SASNets is a neural network implementation that classifies 1D SANS data as one of 71 SANS shape models, based on SASView and SASModels.

Features

  • Cross-platform: Fully written in Python, SASNets will run on any platform that has a working Python distribution.
  • Extensible: SASNets uses the standard Keras and Tensorflow libraries, so it is easy to build upon and improve.
  • Multifunction: While SASNets was originally developed for SANS data, it can be applied to SAXS and non-SAS datasets.

Goal

Streamline the process of SANS and SAXS data analysis through the use of a convolutional neural network (CNN).

Motivation

Manual analysis of SAS data is difficult to do, especially with complex crystals and solutions. Convolutional Neural Networks have been shown to have great success on complex image recognition and retrieval tasks.
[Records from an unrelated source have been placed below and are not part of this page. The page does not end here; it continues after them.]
(* Let $R$ be a commutative Noetherian ring and $n$ a non-negative integer. Let $M$ be a finitely generated $R$-module and $N$ an $R$-module which is in dimension $<n$. Then $\operatorname{Ext}^i_R(M,N)$ and $\operatorname{Tor}_i^R(M,N)$ are in dimension $<n$ for all $i$. In particular, for every ideal $\mathfrak a$ of $R$, $\operatorname{Ext}^i_R(R/\mathfrak a,N)$ and $\operatorname{Tor}^R_i(R/\mathfrak a,N)$ are in dimension $<n$ for all $i$.
   Context: For an $R$-module $L$, $\dim\operatorname{Supp}L=\sup\{\dim R/\mathfrak p:\mathfrak p\in\operatorname{Supp}L\}$, the zero module having dimension $-\infty$. An $R$-module $L$ is "in dimension $<n$" if there is a finitely generated submodule $N'\subseteq L$ with $\dim\operatorname{Supp}(L/N')<n$. *)

theory Defs
  imports "HOL-Library.Extended_Real" "HOL-Library.Function_Algebras"
begin

definition ideal :: "'a::comm_ring_1 set \<Rightarrow> bool" where
  "ideal I \<longleftrightarrow> 0 \<in> I \<and> (\<forall>x\<in>I. \<forall>y\<in>I. x + y \<in> I) \<and> (\<forall>r. \<forall>x\<in>I. r * x \<in> I)"

definition prime_ideal :: "'a::comm_ring_1 set \<Rightarrow> bool" where
  "prime_ideal P \<longleftrightarrow> ideal P \<and> P \<noteq> UNIV \<and> (\<forall>a b. a * b \<in> P \<longrightarrow> a \<in> P \<or> b \<in> P)"

definition ideal_gen :: "'a::comm_ring_1 set \<Rightarrow> 'a set" where
  "ideal_gen S = \<Inter>{I. ideal I \<and> S \<subseteq> I}"

definition noetherian_ring :: "'a::comm_ring_1 itself \<Rightarrow> bool" where
  "noetherian_ring _ \<longleftrightarrow> (\<forall>I::'a set. ideal I \<longrightarrow> (\<exists>S. finite S \<and> I = ideal_gen S))"

text \<open>A strict chain of prime ideals of length k lying over p (= chain of primes of R/p).\<close>
definition prime_chain_over :: "'a::comm_ring_1 set \<Rightarrow> nat \<Rightarrow> bool" where
  "prime_chain_over p k \<longleftrightarrow> (\<exists>c::nat \<Rightarrow> 'a set. (\<forall>j\<le>k. prime_ideal (c j)) \<and> p \<subseteq> c 0
      \<and> (\<forall>j<k. c j \<subset> c (Suc j)))"

text \<open>Krull dimension of R/p (for p prime), as an extended real.\<close>
definition dim_quot :: "'a::comm_ring_1 set \<Rightarrow> ereal" where
  "dim_quot p = Sup {ereal (real k) | k. prime_chain_over p k}"

definition module :: "('a::comm_ring_1 \<Rightarrow> 'v::ab_group_add \<Rightarrow> 'v) \<Rightarrow> bool" where
  "module sm \<longleftrightarrow> (\<forall>a x y. sm a (x + y) = sm a x + sm a y) \<and> (\<forall>a b x. sm (a + b) x = sm a x + sm b x)
     \<and> (\<forall>a b x. sm (a * b) x = sm a (sm b x)) \<and> (\<forall>x. sm 1 x = x)"

definition submod :: "('a::comm_ring_1 \<Rightarrow> 'v::ab_group_add \<Rightarrow> 'v) \<Rightarrow> 'v set \<Rightarrow> bool" where
  "submod sm X \<longleftrightarrow> 0 \<in> X \<and> (\<forall>x\<in>X. \<forall>y\<in>X. x + y \<in> X) \<and> (\<forall>a. \<forall>x\<in>X. sm a x \<in> X)"

definition span :: "('a::comm_ring_1 \<Rightarrow> 'v::ab_group_add \<Rightarrow> 'v) \<Rightarrow> 'v set \<Rightarrow> 'v set" where
  "span sm G = \<Inter>{X. submod sm X \<and> G \<subseteq> X}"

definition fin_gen :: "('a::comm_ring_1 \<Rightarrow> 'v::ab_group_add \<Rightarrow> 'v) \<Rightarrow> bool" where
  "fin_gen sm \<longleftrightarrow> (\<exists>G. finite G \<and> span sm G = UNIV)"

text \<open>Support of the subquotient module X/Y (Y \<subseteq> X submodules):
  p \<in> Supp(X/Y) iff (X/Y)_p \<noteq> 0 iff some x \<in> X has x/1 \<noteq> 0 in (X/Y)_p,
  i.e. s x \<notin> Y for all s \<notin> p.\<close>
definition supp :: "('a::comm_ring_1 \<Rightarrow> 'v::ab_group_add \<Rightarrow> 'v) \<Rightarrow> 'v set \<Rightarrow> 'v set \<Rightarrow> 'a set set" where
  "supp sm X Y = {p. prime_ideal p \<and> (\<exists>x\<in>X. \<forall>s. s \<notin> p \<longrightarrow> sm s x \<notin> Y)}"

text \<open>dim Supp(X/Y) = sup of dim R/p over the support (Sup {} = -\<infinity>).\<close>
definition dim_supp :: "('a::comm_ring_1 \<Rightarrow> 'v::ab_group_add \<Rightarrow> 'v) \<Rightarrow> 'v set \<Rightarrow> 'v set \<Rightarrow> ereal" where
  "dim_supp sm X Y = Sup (dim_quot ` supp sm X Y)"

text \<open>The subquotient L = X/Y is in dimension < n: there is a finitely generated submodule
  N' = (span G + Y)/Y of L (G finite, G \<subseteq> X) with dim Supp(L/N') < n, where L/N' = X/(span (G \<union> Y)).\<close>
definition in_dim_lt :: "('a::comm_ring_1 \<Rightarrow> 'v::ab_group_add \<Rightarrow> 'v) \<Rightarrow> 'v set \<Rightarrow> 'v set \<Rightarrow> nat \<Rightarrow> bool" where
  "in_dim_lt sm X Y n \<longleftrightarrow> (\<exists>G. finite G \<and> G \<subseteq> X \<and> dim_supp sm X (span sm (G \<union> Y)) < ereal (real n))"

text \<open>R^k as functions nat \<Rightarrow> R vanishing from k on; likewise N^k.\<close>
definition fvec :: "nat \<Rightarrow> (nat \<Rightarrow> 'v::zero) set" where
  "fvec k = {v. \<forall>j\<ge>k. v j = 0}"

text \<open>Matrix D (r \<times> c) acting R^c \<rightarrow> R^r.\<close>
definition dmap :: "nat \<Rightarrow> nat \<Rightarrow> (nat \<Rightarrow> nat \<Rightarrow> 'a::comm_ring_1) \<Rightarrow> (nat \<Rightarrow> 'a) \<Rightarrow> (nat \<Rightarrow> 'a)" where
  "dmap r c D v = (\<lambda>j. if j < r then (\<Sum>l<c. D j l * v l) else 0)"

text \<open>Exact complex ... \<rightarrow> R^(k 2) --d 1--> R^(k 1) --d 0--> R^(k 0), exact at every R^(k (i+1)).
  d i is a (k i) \<times> (k (i+1)) matrix.\<close>
definition exact_tail :: "(nat \<Rightarrow> nat) \<Rightarrow> (nat \<Rightarrow> nat \<Rightarrow> nat \<Rightarrow> 'a::comm_ring_1) \<Rightarrow> bool" where
  "exact_tail k d \<longleftrightarrow> (\<forall>i. {v \<in> fvec (k (Suc i)). dmap (k i) (k (Suc i)) (d i) v = 0}
       = dmap (k (Suc i)) (k (Suc (Suc i))) (d (Suc i)) ` fvec (k (Suc (Suc i))))"

text \<open>Augmentation R^(k 0) \<rightarrow> M, e_j \<mapsto> g j.\<close>
definition augm :: "('a::comm_ring_1 \<Rightarrow> 'm::ab_group_add \<Rightarrow> 'm) \<Rightarrow> nat \<Rightarrow> (nat \<Rightarrow> 'm) \<Rightarrow> (nat \<Rightarrow> 'a) \<Rightarrow> 'm" where
  "augm sm r g v = (\<Sum>j<r. sm (v j) (g j))"

definition free_resolution :: "('a::comm_ring_1 \<Rightarrow> 'm::ab_group_add \<Rightarrow> 'm) \<Rightarrow> (nat \<Rightarrow> nat)
    \<Rightarrow> (nat \<Rightarrow> nat \<Rightarrow> nat \<Rightarrow> 'a) \<Rightarrow> (nat \<Rightarrow> 'm) \<Rightarrow> bool" where
  "free_resolution sm k d g \<longleftrightarrow> exact_tail k d
     \<and> augm sm (k 0) g ` fvec (k 0) = UNIV
     \<and> {v \<in> fvec (k 0). augm sm (k 0) g v = 0} = dmap (k 0) (k 1) (d 0) ` fvec (k 1)"

definition vsm :: "('a \<Rightarrow> 'n \<Rightarrow> 'n) \<Rightarrow> 'a \<Rightarrow> (nat \<Rightarrow> 'n) \<Rightarrow> (nat \<Rightarrow> 'n)" where
  "vsm sm a y = (\<lambda>j. sm a (y j))"

text \<open>Hom(d,N): Hom(R^r,N) = N^r \<rightarrow> N^c = Hom(R^c,N) for D : R^c \<rightarrow> R^r.\<close>
definition dual_map :: "('a::comm_ring_1 \<Rightarrow> 'n::ab_group_add \<Rightarrow> 'n) \<Rightarrow> nat \<Rightarrow> nat \<Rightarrow> (nat \<Rightarrow> nat \<Rightarrow> 'a)
    \<Rightarrow> (nat \<Rightarrow> 'n) \<Rightarrow> (nat \<Rightarrow> 'n)" where
  "dual_map sm r c D y = (\<lambda>l. if l < c then (\<Sum>j<r. sm (D j l) (y j)) else 0)"

text \<open>d \<otimes> N: R^c \<otimes> N = N^c \<rightarrow> N^r = R^r \<otimes> N.\<close>
definition tens_map :: "('a::comm_ring_1 \<Rightarrow> 'n::ab_group_add \<Rightarrow> 'n) \<Rightarrow> nat \<Rightarrow> nat \<Rightarrow> (nat \<Rightarrow> nat \<Rightarrow> 'a)
    \<Rightarrow> (nat \<Rightarrow> 'n) \<Rightarrow> (nat \<Rightarrow> 'n)" where
  "tens_map sm r c D x = (\<lambda>j. if j < r then (\<Sum>l<c. sm (D j l) (x l)) else 0)"

text \<open>Ext^i(M,N) = ext_X / ext_Y: cohomology of Hom(F,N).\<close>
definition ext_X :: "('a::comm_ring_1 \<Rightarrow> 'n::ab_group_add \<Rightarrow> 'n) \<Rightarrow> (nat \<Rightarrow> nat) \<Rightarrow> (nat \<Rightarrow> nat \<Rightarrow> nat \<Rightarrow> 'a)
    \<Rightarrow> nat \<Rightarrow> (nat \<Rightarrow> 'n) set" where
  "ext_X sm k d i = {y \<in> fvec (k i). dual_map sm (k i) (k (Suc i)) (d i) y = 0}"

definition ext_Y :: "('a::comm_ring_1 \<Rightarrow> 'n::ab_group_add \<Rightarrow> 'n) \<Rightarrow> (nat \<Rightarrow> nat) \<Rightarrow> (nat \<Rightarrow> nat \<Rightarrow> nat \<Rightarrow> 'a)
    \<Rightarrow> nat \<Rightarrow> (nat \<Rightarrow> 'n) set" where
  "ext_Y sm k d i = (if i = 0 then {0}
     else dual_map sm (k (i - 1)) (k i) (d (i - 1)) ` fvec (k (i - 1)))"

text \<open>Tor_i(M,N) = tor_X / tor_Y: homology of F \<otimes> N.\<close>
definition tor_X :: "('a::comm_ring_1 \<Rightarrow> 'n::ab_group_add \<Rightarrow> 'n) \<Rightarrow> (nat \<Rightarrow> nat) \<Rightarrow> (nat \<Rightarrow> nat \<Rightarrow> nat \<Rightarrow> 'a)
    \<Rightarrow> nat \<Rightarrow> (nat \<Rightarrow> 'n) set" where
  "tor_X sm k d i = (if i = 0 then fvec (k 0)
     else {x \<in> fvec (k i). tens_map sm (k (i - 1)) (k i) (d (i - 1)) x = 0})"

definition tor_Y :: "('a::comm_ring_1 \<Rightarrow> 'n::ab_group_add \<Rightarrow> 'n) \<Rightarrow> (nat \<Rightarrow> nat) \<Rightarrow> (nat \<Rightarrow> nat \<Rightarrow> nat \<Rightarrow> 'a)
    \<Rightarrow> nat \<Rightarrow> (nat \<Rightarrow> 'n) set" where
  "tor_Y sm k d i = tens_map sm (k i) (k (Suc i)) (d i) ` fvec (k (Suc i))"

end

theory Submission
  imports Defs
begin

text \<open>
  Ext and Tor, computed from a finite free resolution, are subquotients \<open>Z/B\<close> of some
  \<open>N\<^sup>m\<close>. If \<open>\<langle>G\<rangle> \<subseteq> N\<close> is finitely generated with \<open>dim Supp (N/\<langle>G\<rangle>) < n\<close>, then
  \<open>Supp (N\<^sup>m/\<langle>G\<^sup>m\<rangle>) \<subseteq> Supp (N/\<langle>G\<rangle>)\<close>, since each of the finitely many coordinates of an
  element can be moved into \<open>\<langle>G\<rangle>\<close> by a scalar outside a given prime. As \<open>R\<close> is
  Noetherian, \<open>Z \<inter> \<langle>G\<^sup>m\<rangle>\<close> is finitely generated, and \<open>Z/(Z \<inter> \<langle>G\<^sup>m\<rangle>)\<close> embeds into
  \<open>N\<^sup>m/\<langle>G\<^sup>m\<rangle>\<close>; dividing further by \<open>B\<close> only shrinks the support.
\<close>

lemma module_scale_right_distrib: "module sm \<Longrightarrow> sm a (x + y) = sm a x + sm a y"
  unfolding module_def by blast

lemma module_scale_left_distrib: "module sm \<Longrightarrow> sm (a + b) x = sm a x + sm b x"
  unfolding module_def by blast

lemma module_scale_mult: "module sm \<Longrightarrow> sm (a * b) x = sm a (sm b x)"
  unfolding module_def by blast

lemma module_scale_one: "module sm \<Longrightarrow> sm 1 x = x"
  unfolding module_def by blast

lemma module_scale_zero_right: "module sm \<Longrightarrow> sm a 0 = 0"
  using module_scale_right_distrib[of sm a 0 0] by simp

lemma module_scale_zero_left: "module sm \<Longrightarrow> sm 0 x = 0"
  using module_scale_left_distrib[of sm 0 0 x] by simp

lemma module_scale_minus_left: "module sm \<Longrightarrow> sm (- a) x = - sm a x"
  using module_scale_left_distrib[of sm "- a" a x] module_scale_zero_left[of sm x]
  by (simp add: eq_neg_iff_add_eq_0)

lemma module_scale_commute: "module sm \<Longrightarrow> sm a (sm b x) = sm b (sm a x)"
  by (metis module_scale_mult mult.commute)

lemma module_scale_sum_right: "module sm \<Longrightarrow> sm a (\<Sum>j\<in>A. f j) = (\<Sum>j\<in>A. sm a (f j))"
  by (induction A rule: infinite_finite_induct)
    (simp_all add: module_scale_zero_right module_scale_right_distrib)

lemma module_vsm: "module sm \<Longrightarrow> module (vsm sm)"
  unfolding module_def vsm_def by (auto simp: fun_eq_iff)

lemma submod_zero: "submod sm X \<Longrightarrow> 0 \<in> X"
  unfolding submod_def by blast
We implement a novel combination of a convolutional neural network with 1D SAS data. The current iteration of the program was aimed at demonstrating the potential that CNNs could have on SAS fitting. Project extensions in the future will include expanding to 2D, tuning the network for even higher accuracy, and incorporating automatic bumps parameter fitting.

Results

SASNets has been able to achieve a prediction accuracy of between 40% and 50% on the 71 model set. We also demonstrate that the network is able to distinguish superclusters or types of models, for example cylinders or spheres.

More Information

For a more in-depth exploration of this project, please see this poster or this presentation.

A full size version of the dendrogram can be found here <source/dendrogram.pdf.

License

The poster, presentation, and this documentation are released under the CC-BY-SA 4.0 license. The codebase of SASNets is released under the BSD 3-clause license.

Contact

Chris Wang was the main author of the program, and can be reached at com period icloud asperand chrwang0, backwards. The project advisors were Paul Kienzle and William Ratcliff of NCNR.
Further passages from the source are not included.